section \<open>Diagonalising triangular matrices\<close>

lemma bordered_diag_similar:
  fixes \<zeta> :: "nat \<Rightarrow> 'r::ring_1"
  assumes central: "\<And>i x. \<zeta> i * x = x * \<zeta> i"
    and inv: "\<And>j. j < n \<Longrightarrow> \<exists>d. (\<zeta> j - \<zeta> n) * d = 1"
    and s: "s \<in> carrier_mat 1 n"
  shows "similar_mat (four_block_mat (mat_diag n \<zeta>) (0\<^sub>m n 1) s (mat_diag 1 (\<lambda>_. \<zeta> n)))
    (mat_diag (Suc n) \<zeta>)"
proof -
  obtain \<delta> where \<delta>: "\<And>j. j < n \<Longrightarrow> (\<zeta> j - \<zeta> n) * \<delta> j = 1" using inv by metis
  \<comment> \<open>W = [[1,0],[w,1]] conjugates the border row s away iff s + \<zeta>_n w = w diag(\<zeta>),
    which w_j = \<delta>_j s_j solves\<close>
  define w where "w = mat 1 n (\<lambda>(_, j). \<delta> j * s $$ (0, j))"
  define W where "W = four_block_mat (1\<^sub>m n) (0\<^sub>m n 1) w (1\<^sub>m 1)"
  define V where "V = four_block_mat (1\<^sub>m n) (0\<^sub>m n 1) (- w) (1\<^sub>m 1)"
  define c where "c = mat_diag 1 (\<lambda>_. \<zeta> n)"
  have w: "w \<in> carrier_mat 1 n" and c: "c \<in> carrier_mat 1 1" unfolding w_def c_def by auto
  have diag_split: "mat_diag (Suc n) \<zeta> = four_block_mat (mat_diag n \<zeta>) (0\<^sub>m n 1) (0\<^sub>m 1 n) c"
    unfolding c_def by (rule eq_matI) (auto simp: mat_diag_def less_Suc_eq)
  have eigen: "s + c * w = w * mat_diag n \<zeta>"
  proof (rule eq_matI)
    fix i j assume "i < dim_row (w * mat_diag n \<zeta>)" "j < dim_col (w * mat_diag n \<zeta>)"
    then have ij: "i = 0" "j < n" using w by (auto simp: mat_diag_def)
    have "(\<zeta> j - \<zeta> n) * (\<delta> j * s $$ (0, j)) = s $$ (0, j)"
      using \<delta>[OF ij(2)] by (simp flip: mult.assoc)
    then have "s $$ (0, j) + \<zeta> n * (\<delta> j * s $$ (0, j)) = \<delta> j * s $$ (0, j) * \<zeta> j"
      by (simp add: algebra_simps central[of j])
    moreover have "(c * w) $$ (0, j) = \<zeta> n * w $$ (0, j)"
      using w ij unfolding c_def by (subst mat_diag_mult_left[OF w]) auto
    moreover have "(w * mat_diag n \<zeta>) $$ (0, j) = w $$ (0, j) * \<zeta> j"
      using w ij by (subst mat_diag_mult_right[OF w]) auto
    ultimately show "(s + c * w) $$ (i, j) = (w * mat_diag n \<zeta>) $$ (i, j)"
      using ij s w c by (simp add: w_def)
  qed (use s w c in \<open>auto simp: mat_diag_def\<close>)
  have carrier: "W \<in> carrier_mat (Suc n) (Suc n)" "V \<in> carrier_mat (Suc n) (Suc n)"
    "four_block_mat (mat_diag n \<zeta>) (0\<^sub>m n 1) s c \<in> carrier_mat (Suc n) (Suc n)"
    unfolding W_def V_def c_def
    using four_block_carrier_mat[OF one_carrier_mat[of n] one_carrier_mat[of 1]]
      four_block_carrier_mat[OF mat_diag_dim[of n \<zeta>] mat_diag_dim[of 1]] by simp_all
  have "W * V = 1\<^sub>m (n + 1)" "V * W = 1\<^sub>m (n + 1)"
    unfolding W_def V_def using w
    by (simp_all add: mult_four_block_mat[of _ n n _ 1 _ 1 _ _ n _ 1]) (rule eq_matI; auto)
  moreover have "four_block_mat (mat_diag n \<zeta>) (0\<^sub>m n 1) s c * W = W * mat_diag (Suc n) \<zeta>"
    unfolding W_def diag_split using s w c eigen
    by (simp add: mat_diag_def mult_four_block_mat[of _ n n _ 1 _ 1 _ _ n _ 1])
  ultimately have "similar_mat_wit (four_block_mat (mat_diag n \<zeta>) (0\<^sub>m n 1) s c)
      (mat_diag (Suc n) \<zeta>) W V"
    by (intro similar_mat_witI_intertwine) (use carrier in auto)
  then show ?thesis unfolding similar_mat_def c_def by blast
qed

- _Task objective_
Return each line of the preceding material in which "then" can be found.

- _The answer_
    then have ij: "i = 0" "j < n" using w by (auto simp: mat_diag_def)
    then have "s $$ (0, j) + \<zeta> n * (\<delta> j * s $$ (0, j)) = \<delta> j * s $$ (0, j) * \<zeta> j"
  then show ?thesis unfolding similar_mat_def c_def by blast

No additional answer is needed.